Prior to the Packers game last Monday, several Vikings players pointed to the importance of getting off to a fast start. Last year, the Vikings came into the season with high hopes, but, after a 1-3 start, spent the rest of the season trying to dig themselves out of that hole. They were successful – a win over Washington in Week 16 would have clinched a wild card spot for the Vikings – but it took winning seven of the next 10 games to make up for the brutal.
Despite the knowledge that the toughest portion of the 2008 schedule was coming in the first five games, getting off to a fast start didn't seem all that likely. A 2-2 record through four games could be viewed as a victory. But, as the Vikings prepare to meet the Indianapolis Colts
this afternoon, both teams stare at the prospect of starting the season 0-2.
That would be uncharted territory for the Colts, who hadn't lost a game in September or October in four years. A 0-2 start for Indianapolis could cripple the team's hopes of putting together a sixth straight season with 12 or more wins. A 0-2 start for the Vikings would defeat the purpose of what so many coaches and players have pointed to as a must – getting off to a strong start and building early-season momentum.

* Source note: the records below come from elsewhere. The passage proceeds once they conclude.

lemma SD2P_lip0_imp_gap_witnesses:
  assumes SD: "SD2P_lip0 M d z" and "1 \<le> n" and opt: "\<forall>i<n. optimal M d z (\<mu> i) \<and> ba_norm (Mtilde M) (\<mu> i) = 1"
    and "0 < \<gamma>" "\<gamma> < 1"
  shows "gap_witnesses M d z n \<mu> \<gamma>"
proof -
  have \<mu>: "pos_ba (Mtilde M) (\<mu> i)" "\<mu> i (Mtilde M) = 1"
    "lip0_dual M d z (Phi_star M d (\<mu> i))" "dual_norm M d z (Phi_star M d (\<mu> i)) = 1" if "i < n" for i
  proof -
    have "optimal M d z (\<mu> i)" "ba_norm (Mtilde M) (\<mu> i) = 1"
      using opt that by auto
    then show "pos_ba (Mtilde M) (\<mu> i)" "\<mu> i (Mtilde M) = 1"
      "lip0_dual M d z (Phi_star M d (\<mu> i))" "dual_norm M d z (Phi_star M d (\<mu> i)) = 1"
      by (rule optimal_normalized_imp_dual[OF Metric_space_axioms])+
  qed
  define \<alpha> where "\<alpha> = (1 - \<gamma>)\<^sup>2 / 2"
  have params: "0 < \<alpha>" "0 < (1 - \<gamma>) / real n" "(1 - \<gamma>) / real n \<le> 2"
    using assms(2,4,5) by (auto simp: \<alpha>_def field_simps)
  have dual: "\<forall>i<n. lip0_dual M d z (Phi_star M d (\<mu> i)) \<and> dual_norm M d z (Phi_star M d (\<mu> i)) = 1"
    using \<mu>(3,4) by blast
  obtain P Q u v
    where PQ: "\<forall>i<n. P i \<in> slice M d z (Phi_star M d (\<mu> i)) \<alpha> \<and> Q i \<in> slice M d z (Phi_star M d (\<mu> i)) \<alpha>"
    and uv: "u \<in> M" "v \<in> M" "u \<noteq> v"
    and far: "(2 - (1 - \<gamma>) / real n) * d u v < (\<Sum>i<n. (1 / real n) * ((P i v - P i u) + (Q i u - Q i v)))"
    by (rule SD2P_lip0_far_pair[OF SD assms(2) dual params])
  have ball: "P i \<in> lip0_ball M d z" "Q i \<in> lip0_ball M d z"
    and large: "1 - \<alpha> < Phi_star M d (\<mu> i) (P i)" "1 - \<alpha> < Phi_star M d (\<mu> i) (Q i)" if "i < n" for i
    using PQ that by (auto simp: slice_def)
  then have "\<forall>i<n. lipschitz_with M d 1 (P i) \<and> lipschitz_with M d 1 (Q i)"
    by (auto intro: lip0_ball_lipschitz)
  note gaps = gaps_from_average[OF this uv(1,2) far]
  define A where "A i = {p\<in>Mtilde M. \<gamma> \<le> molecule_val d (P i) p \<and> \<gamma> \<le> molecule_val d (Q i) p}" for i
  have measure: "\<gamma> \<le> \<mu> i (A i)" if "i < n" for i
    unfolding A_def using large[OF that] \<open>\<gamma> < 1\<close> unfolding \<alpha>_def
    by (rule slices_measure_large[OF \<mu>(1,2)[OF that] ball[OF that]])
  have max_le: "max (P i x - P i y) (Q i y - Q i x) + \<gamma> * d u v \<le> d x u + d y v"
    if "i < n" "x \<in> pi_set (A i)" "y \<in> pi_set (A i)" for i x y
  proof (rule gap_max_le)
    show "x \<in> M" "y \<in> M"
      using that pi_set_subset[of "A i" M] by (auto simp: A_def)
    show "\<gamma> * d u v \<le> P i v - P i u" "\<gamma> * d u v \<le> Q i u - Q i v"
      using gaps[OF \<open>i < n\<close>] by simp_all
    show "lipschitz_with M d 1 (P i)" "lipschitz_with M d 1 (Q i)"
      using ball[OF \<open>i < n\<close>] by (simp_all add: lip0_ball_lipschitz)
  qed (use uv in simp_all)
  have "(\<forall>i<n. A i \<subseteq> Mtilde M \<and> \<gamma> \<le> \<mu> i (A i) \<and> P i \<in> lip0_ball M d z \<and> Q i \<in> lip0_ball M d z) \<and>
      u \<in> M \<and> v \<in> M \<and> u \<noteq> v \<and>
      (\<forall>i<n. \<forall>p\<in>A i. \<gamma> \<le> molecule_val d (P i) p \<and> \<gamma> \<le> molecule_val d (Q i) p) \<and>
      (\<forall>i<n. \<forall>x\<in>pi_set (A i). \<forall>y\<in>pi_set (A i).
          max (P i x - P i y) (Q i y - Q i x) + \<gamma> * d u v \<le> d x u + d y v)"
    using measure ball uv max_le by (auto simp: A_def)
  then show ?thesis
    unfolding gap_witnesses_def by (intro exI)
qed
(* For each $n\ge1$ and even $h\ge0$, the number $|\mathrm{UMap}(n,\mathbf N_h)|$ of $n$-vertex unicellular maps in $\mathbf N_h$ satisfies $|\mathrm{UMap}(n,\mathbf N_h)|\le c^{n+h}h^h$, where $c=2^7e^{3/2}$.
   Context: A map is a connected pseudograph (loops and multiple edges allowed, not necessarily simple) cellularly embedded in a surface, considered unlabelled and unrooted (up to isomorphism); it is unicellular if it has exactly one face. $\mathbf N_h$ is the non-orientable surface of Euler genus $h$, with $\mathbf N_0$ meaning the sphere. Convention $0^0=1$. *)

theory Defs
  imports Complex_Main
begin

text \<open>Combinatorial maps in the flag (graph-encoded map) representation.
A map with E edges is given by three involutions t0, t1, t2 on the flag set
{..<4*E}: t0 (vertex-changing), t1 (edge-changing), t2 (face-changing).
The map with E = 0 encodes the trivial map (one vertex, no edges) on the sphere.\<close>

type_synonym fmap = "nat \<times> (nat \<Rightarrow> nat) \<times> (nat \<Rightarrow> nat) \<times> (nat \<Rightarrow> nat)"

definition flags :: "fmap \<Rightarrow> nat set" where
  "flags M = {..<4 * fst M}"

definition tau0 :: "fmap \<Rightarrow> nat \<Rightarrow> nat" where "tau0 M = fst (snd M)"
definition tau1 :: "fmap \<Rightarrow> nat \<Rightarrow> nat" where "tau1 M = fst (snd (snd M))"
definition tau2 :: "fmap \<Rightarrow> nat \<Rightarrow> nat" where "tau2 M = snd (snd (snd M))"

definition fpf_involution_on :: "nat set \<Rightarrow> (nat \<Rightarrow> nat) \<Rightarrow> bool" where
  "fpf_involution_on S t \<longleftrightarrow>
     (\<forall>x\<in>S. t x \<in> S \<and> t (t x) = x \<and> t x \<noteq> x) \<and> (\<forall>x. x \<notin> S \<longrightarrow> t x = x)"

definition orbit_rel :: "nat set \<Rightarrow> (nat \<Rightarrow> nat) list \<Rightarrow> (nat \<times> nat) set" where
  "orbit_rel S ts = {(x, t x) | x t. x \<in> S \<and> t \<in> set ts}\<^sup>*"

definition num_orbits :: "nat set \<Rightarrow> (nat \<Rightarrow> nat) list \<Rightarrow> nat" where
  "num_orbits S ts = card (S // orbit_rel S ts)"

definition is_map :: "fmap \<Rightarrow> bool" where
  "is_map M \<longleftrightarrow>
     fpf_involution_on (flags M) (tau0 M) \<and>
     fpf_involution_on (flags M) (tau1 M) \<and>
     fpf_involution_on (flags M) (tau2 M) \<and>
     (\<forall>x. tau0 M (tau2 M x) = tau2 M (tau0 M x)) \<and>
     (\<forall>x\<in>flags M. tau0 M (tau2 M x) \<noteq> x) \<and>
     (fst M = 0 \<or> num_orbits (flags M) [tau0 M, tau1 M, tau2 M] = 1)"

definition num_vertices :: "fmap \<Rightarrow> nat" where
  "num_vertices M = (if fst M = 0 then 1 else num_orbits (flags M) [tau1 M, tau2 M])"

definition num_edges :: "fmap \<Rightarrow> nat" where
  "num_edges M = fst M"

definition num_faces :: "fmap \<Rightarrow> nat" where
  "num_faces M = (if fst M = 0 then 1 else num_orbits (flags M) [tau0 M, tau1 M])"

definition euler_genus :: "fmap \<Rightarrow> int" where
  "euler_genus M = 2 - int (num_vertices M) + int (num_edges M) - int (num_faces M)"

definition orientable :: "fmap \<Rightarrow> bool" where
  "orientable M \<longleftrightarrow> (\<exists>c :: nat \<Rightarrow> bool. \<forall>x\<in>flags M.
       c (tau0 M x) \<noteq> c x \<and> c (tau1 M x) \<noteq> c x \<and> c (tau2 M x) \<noteq> c x)"

text \<open>The map lies in N_h: Euler genus h, and non-orientable if h > 0
 (N_0 is the sphere).\<close>
definition in_N :: "nat \<Rightarrow> fmap \<Rightarrow> bool" where
  "in_N h M \<longleftrightarrow> euler_genus M = int h \<and> (h > 0 \<longrightarrow> \<not> orientable M)"

definition map_iso :: "(fmap \<times> fmap) set" where
  "map_iso = {(M, M'). fst M = fst M' \<and>
      (\<exists>\<sigma>. bij_betw \<sigma> (flags M) (flags M') \<and>
        (\<forall>x\<in>flags M. \<sigma> (tau0 M x) = tau0 M' (\<sigma> x) \<and>
                      \<sigma> (tau1 M x) = tau1 M' (\<sigma> x) \<and>
                      \<sigma> (tau2 M x) = tau2 M' (\<sigma> x)))}"

definition UMap_reps :: "nat \<Rightarrow> nat \<Rightarrow> fmap set" where
  "UMap_reps n h = {M. is_map M \<and> num_vertices M = n \<and> num_faces M = 1 \<and> in_N h M}"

Something will have to give today. One team will leave the game 0-2 and searching for answers that won't be easy to come by. To the winner goes the chance to claim their season-opening loss was a fluke. To the loser goes the prospect of having to dig themselves out of a big hole that gets deeper by the day.
BY THE NUMBERS
In Monday's loss to the Packers, the Vikings passed on first down 15 times. Unfortunately, Tarvaris Jackson completed just four of those passes.
Through one game, the Vikings have the eighth-rated offense (third rushing, 20th passing) and are tied for 18th on total defense (21st rushing, 16th passing). The Colts are tied for 20th on offense (29th rushing, seventh passing) and the 20th-rated defense (tied for 28th rushing, seventh passing).
The Vikings are last in the league in net punting average.
The Vikings are 21st in third-down conversions, but that pales in comparison to the Colts, who are 31st.
Maybe we shouldn't expect a big punt return today. The Colts are 31st in the league in punt return average. The only team worse? Minnesota.
The Vikings and Colts are tied for 20th in red zone scoring offense. Both teams got into the red zone three times in Week 1, but both came away with one TD and two field goals.
The Colts allowed the Bears into the red zone twice in Week 1, allowing one TD and one field goal. The Vikings allowed Green Bay in the red zone three times, allowing two TDs and a field goal.
In Week 1, the NFL average for third-down conversions was 36.8 percent. The Vikings converted on 43.8 percent of their third-down chances, while the Colts made good on 45.5 percent of their chances.
Defensively, the Vikings allowed the Packers to convert on 40 percent of their third-down opportunities, while the Colts allowed Chicago to convert 62.5 percent of the time (10 of 16 chances).
The Vikings are ninth in the league in yards gained on first down, averaging 6.00 yards. The Colts are 20th, averaging 3.90 yards.
Defensively, the Colts are second in yards allowed on first down, averaging just 2.25 per play. The Vikings are 31st, averaging a whopping 10.35 yards on first down plays.
Both the Vikings and Colts struggled to get good field position in Week 1. The Vikings were 30th in average offensive starting position – the average start being the 19.2-yard line. Only two teams were worse, but one of them was Indianapolis, whose average start was the 17.6-yard line after kickoffs.
The Vikings had 183 yards rushing in their opener, as opposed to just 53 for the Colts.
Defensively, the Colts allowed 319 total yards to 317 for the Vikings. The Bears ran for 183 yards, an average of 4.7 yards a carry. The Vikings allowed 139 yards, an average of 5.1 yards a carry.
The Colts allowed the Bears to complete 61.9 percent of their passes, but that paled to the Vikings – who allowed Aaron Rodgers to complete a whopping 81.8 percent of his passes.
In quarterback rating points kept by the league, Peyton Manning is ranked 17th, while Jackson is 28th.
Manning's passer rating is 81.8; Jackson's is just 59.0. That is better than Matt Hasselbeck and Carson Palmer – both Pro Bowl quarterbacks.
Adrian Peterson sits in fifth position with 103 yards rushing. Joseph Addai's 44 yards rushing has him ranked 37th.
The Vikings' leading receiver is Garrett Mills with three catches for 49 yards. Four Colts players – Reggie Wayne (10), Marvin Harrison (8), Anthony Gonzalez (5) and Dominic Rhodes (4) – have more receptions.